You don’t care about women’s sports, you’re just excusing transphobia
When Lia Thomas became the first openly transgender woman to win the NCAA’s first division swimming competition on March 17th (just two weeks ago), her victory soon became a point of public debate about trans women in sports.
Despite having been on gender-affirming hormone replacement therapy for three years – making her eligible to enter the competition per NCAA (the National Collegiate Athletics Association) policy – debate erupted over her right to compete in women’s races, with people claiming that her biological sex gave her an unfair advantage over fellow competitors. Some even went as far as to question her gender identity itself, claiming that she had transitioned solely in order to find more success in women’s swimming.
The assumption at play here, that trans women have a competitive advantage over the cis women they’re competing against, is, according to the NCAA itself, not well founded – not to mention the lack of scientific evidence conclusively linking testosterone and athletic performance in the first place. And yet, this argument is the foundation for the criticism surrounding Lia’s win.
The narrative sold is that due to her being trans, Lia was able to dominate the women’s competition, and that this was unfair to the cis women she was competing against. Mention is rarely given to her performance in other events in the competition, where she placed 5th and 8th; presumably because this doesn’t fit the narrative that any competition between a cis woman and a trans woman isn’t a fair fight.
You would also think, given how much the NCAA competition has been brought up in the discourse over the past two weeks, that more attention would have been given to the twenty-seven records that were broken during the championships. After all, so much weight was given to the argument that trans women’s inclusion is unfair to cis women and we need to ‘protect women’s sports’, and yet no one was looking to celebrate women’s sporting achievements – instead doing the exact opposite.

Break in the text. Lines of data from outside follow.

(* Let $d\ge 2$ and let $\mathfrak{F}$ be an ordered field or a field that has more than two elements. Let $\mathcal{G}$ and $\mathcal{G}'$ be FFD coordinate geometries over $\mathfrak{F}$ (of dimension $d$). Then: (i) $\mathrm{Co}(\mathcal{G})\subseteq\mathrm{Co}(\mathcal{G}')$ if and only if $\mathrm{Aut}(\mathcal{G})\supseteq\mathrm{Aut}(\mathcal{G}')$; (ii) $\mathrm{Co}(\mathcal{G})\subseteq\mathrm{Co}(\mathcal{G}')$ if and only if $\mathrm{AffAut}(\mathcal{G})\supseteq\mathrm{AffAut}(\mathcal{G}')$.
   Context: A field is $\langle F,+,\cdot,0,1\rangle$; an ordered field is $\langle F,+,\cdot,0,1,\le\rangle$. "Definable" means first-order definable without parameters. For a model $\mathfrak{M}$, $\mathrm{Co}(\mathfrak{M})$ is the set of all relations (of all finite arities $n\ge1$) on its universe that are definable in $\mathfrak{M}$, and $\mathrm{Aut}(\mathfrak{M})$ its automorphism group. For points of $F^d$: ${\mathsf{Col}}(\vec p,\vec q,\vec r)$ iff $\vec q=\vec p+\lambda(\vec r-\vec p)$ for some $\lambda\in F$ or $\vec r=\vec p$; for an ordered field, ${\mathsf{Bw}}(\vec p,\vec q,\vec r)$ iff $\vec q=\vec p+\lambda(\vec r-\vec p)$ for some $\lambda\in F$ with $0\le\lambda\le1$. An $n$-ary relation $\mathsf{R}$ on $F^d$ is definable over $\mathfrak{F}$ iff the corresponding $dn$-ary relation on $F$ obtained by listing coordinates of the $n$ points consecutively is definable in $\mathfrak{F}$. A coordinate geometry over a field (resp. ordered field) $\mathfrak{F}$ is a model with universe $F^d$, only relation symbols in its language, in which ${\mathsf{Col}}$ (resp. ${\mathsf{Bw}}$) is definable. It is FFD if it has finitely many relations, each definable over $\mathfrak{F}$. An affine transformation of $F^d$ is a composition of an invertible linear map followed by a translation; $\mathrm{AffAut}(\mathcal{G})=\mathrm{Aut}(\mathcal{G})\cap\{\text{affine transformations}\}$. *)

theory Defs
  imports Main
begin

text \<open>A relational structure is given by a carrier U and a finite list of relations,
  each paired with its arity. Tuples are lists.\<close>

datatype rfm = REq nat nat | RRel nat "nat list" | RNeg rfm | RAnd rfm rfm | REx nat rfm

fun rsat :: "'b set \<Rightarrow> (nat \<times> 'b list set) list \<Rightarrow> rfm \<Rightarrow> (nat \<Rightarrow> 'b) \<Rightarrow> bool" where
  "rsat U I (REq i j) v = (v i = v j)"
| "rsat U I (RRel k xs) v =
     (k < length I \<and> length xs = fst (I ! k) \<and> map v xs \<in> snd (I ! k))"
| "rsat U I (RNeg \<phi>) v = (\<not> rsat U I \<phi> v)"
| "rsat U I (RAnd \<phi> \<psi>) v = (rsat U I \<phi> v \<and> rsat U I \<psi> v)"
| "rsat U I (REx x \<phi>) v = (\<exists>a\<in>U. rsat U I \<phi> (v(x := a)))"

text \<open>Parameter-free definability of an n-ary relation: the formula must define R
  under every assignment into the carrier (so variables other than 0..n-1 carry no
  parameters).\<close>
definition rdefinable :: "'b set \<Rightarrow> (nat \<times> 'b list set) list \<Rightarrow> nat \<Rightarrow> 'b list set \<Rightarrow> bool" where
  "rdefinable U I n R \<longleftrightarrow>
     R \<subseteq> {xs. length xs = n \<and> set xs \<subseteq> U} \<and>
     (\<exists>\<phi>. \<forall>v. (\<forall>i. v i \<in> U) \<longrightarrow> (map v [0..<n] \<in> R \<longleftrightarrow> rsat U I \<phi> v))"

definition Co :: "'b set \<Rightarrow> (nat \<times> 'b list set) list \<Rightarrow> (nat \<times> 'b list set) set" where
  "Co U I = {(n, R). n \<ge> 1 \<and> rdefinable U I n R}"

definition Aut :: "'b set \<Rightarrow> (nat \<times> 'b list set) list \<Rightarrow> ('b \<Rightarrow> 'b) set" where
  "Aut U I = {f. bij_betw f U U \<and> (\<forall>x. x \<notin> U \<longrightarrow> f x = x) \<and>
      (\<forall>(n, R)\<in>set I. \<forall>xs. length xs = n \<and> set xs \<subseteq> U \<longrightarrow> (map f xs \<in> R \<longleftrightarrow> xs \<in> R))}"

datatype ftm = FVar nat | FZero | FOne | FAdd ftm ftm | FMul ftm ftm

datatype ffm = FEq ftm ftm | FLe ftm ftm | FNeg ffm | FAnd ffm ffm | FEx nat ffm

fun feval :: "ftm \<Rightarrow> (nat \<Rightarrow> 'a::field) \<Rightarrow> 'a" where
  "feval (FVar i) v = v i"
| "feval FZero v = 0"
| "feval FOne v = 1"
| "feval (FAdd s t) v = feval s v + feval t v"
| "feval (FMul s t) v = feval s v * feval t v"

fun fsat :: "('a::field \<Rightarrow> 'a \<Rightarrow> bool) \<Rightarrow> ffm \<Rightarrow> (nat \<Rightarrow> 'a) \<Rightarrow> bool" where
  "fsat le (FEq s t) v = (feval s v = feval t v)"
| "fsat le (FLe s t) v = le (feval s v) (feval t v)"
| "fsat le (FNeg \<phi>) v = (\<not> fsat le \<phi> v)"
| "fsat le (FAnd \<phi> \<psi>) v = (fsat le \<phi> v \<and> fsat le \<psi> v)"
| "fsat le (FEx x \<phi>) v = (\<exists>a. fsat le \<phi> (v(x := a)))"

fun le_free :: "ffm \<Rightarrow> bool" where
  "le_free (FEq s t) = True"
| "le_free (FLe s t) = False"
| "le_free (FNeg \<phi>) = le_free \<phi>"
| "le_free (FAnd \<phi> \<psi>) = (le_free \<phi> \<and> le_free \<psi>)"
| "le_free (FEx x \<phi>) = le_free \<phi>"

text \<open>isord = True: the ordered field (F,+,*,0,1,le); isord = False: the field
  (F,+,*,0,1), whose language has no order symbol.\<close>
definition fdefinable :: "bool \<Rightarrow> ('a::field \<Rightarrow> 'a \<Rightarrow> bool) \<Rightarrow> nat \<Rightarrow> 'a list set \<Rightarrow> bool" where
  "fdefinable isord le n R \<longleftrightarrow>
     R \<subseteq> {xs. length xs = n} \<and>
     (\<exists>\<phi>. (\<not> isord \<longrightarrow> le_free \<phi>) \<and> (\<forall>v. map v [0..<n] \<in> R \<longleftrightarrow> fsat le \<phi> v))"

definition ordered_field_le :: "('a::field \<Rightarrow> 'a \<Rightarrow> bool) \<Rightarrow> bool" where
  "ordered_field_le le \<longleftrightarrow>
     (\<forall>x. le x x) \<and> (\<forall>x y. le x y \<and> le y x \<longrightarrow> x = y) \<and>
     (\<forall>x y z. le x y \<and> le y z \<longrightarrow> le x z) \<and> (\<forall>x y. le x y \<or> le y x) \<and>
     (\<forall>x y z. le x y \<longrightarrow> le (x + z) (y + z)) \<and>
     (\<forall>x y. le 0 x \<and> le 0 y \<longrightarrow> le 0 (x * y))"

Needless to say, one thing made evident by the fact that those opposing Lia’s win opt to call her a man and invalidate her gender identity, is the underlying transphobia at play. Their problem with trans women participating in sports is rooted in an underlying belief that trans women are not women.
Despite progress in more recent years, the trans community continues to face constant discrimination, and the transphobic comments and discourse that followed Lia’s win revealed that her opposers regard her as a man, and presume a man would have an obvious advantage over women. This presumption of women’s physical inferiority has served to justify and excuse the unequal treatment of countless female athletes over the years, as well as explaining why women’s sport is so often not given the same platform as men’s sport, and is extremely harmful.
This is why it seems especially ironic that all those attacking Lia Thomas for her win are so eager to claim that they are doing so in the name of women’s sports; you don’t care about women’s sports, you’re making excuses for your transphobia. Women’s sports benefit the more we move in a progressive direction, and the further we get away from the presumption that ‘male’ implies physically superior. Women’s sports benefit from the inclusion of all women.
If you only ever feel compelled to start advocating for women’s sports when you’re upset that trans women are participating, then you’re not kidding anyone. The thinly veiled transphobia and misogyny rife within the discourse over Lia Thomas’s win over the past two weeks has nothing to do with supporting women’s sports, and all to do with a culture that fails to respect trans women, and upholds the belief that biological women are physically inferior to biological men.
Lia Thomas’s win was a milestone achievement, and though the reaction to her win has shown we’ve a long way left to go when it comes to our attitudes around trans athletes and women athletes in general, it is still very much a watershed moment for trans people in sports, and deserved to be recognised for such.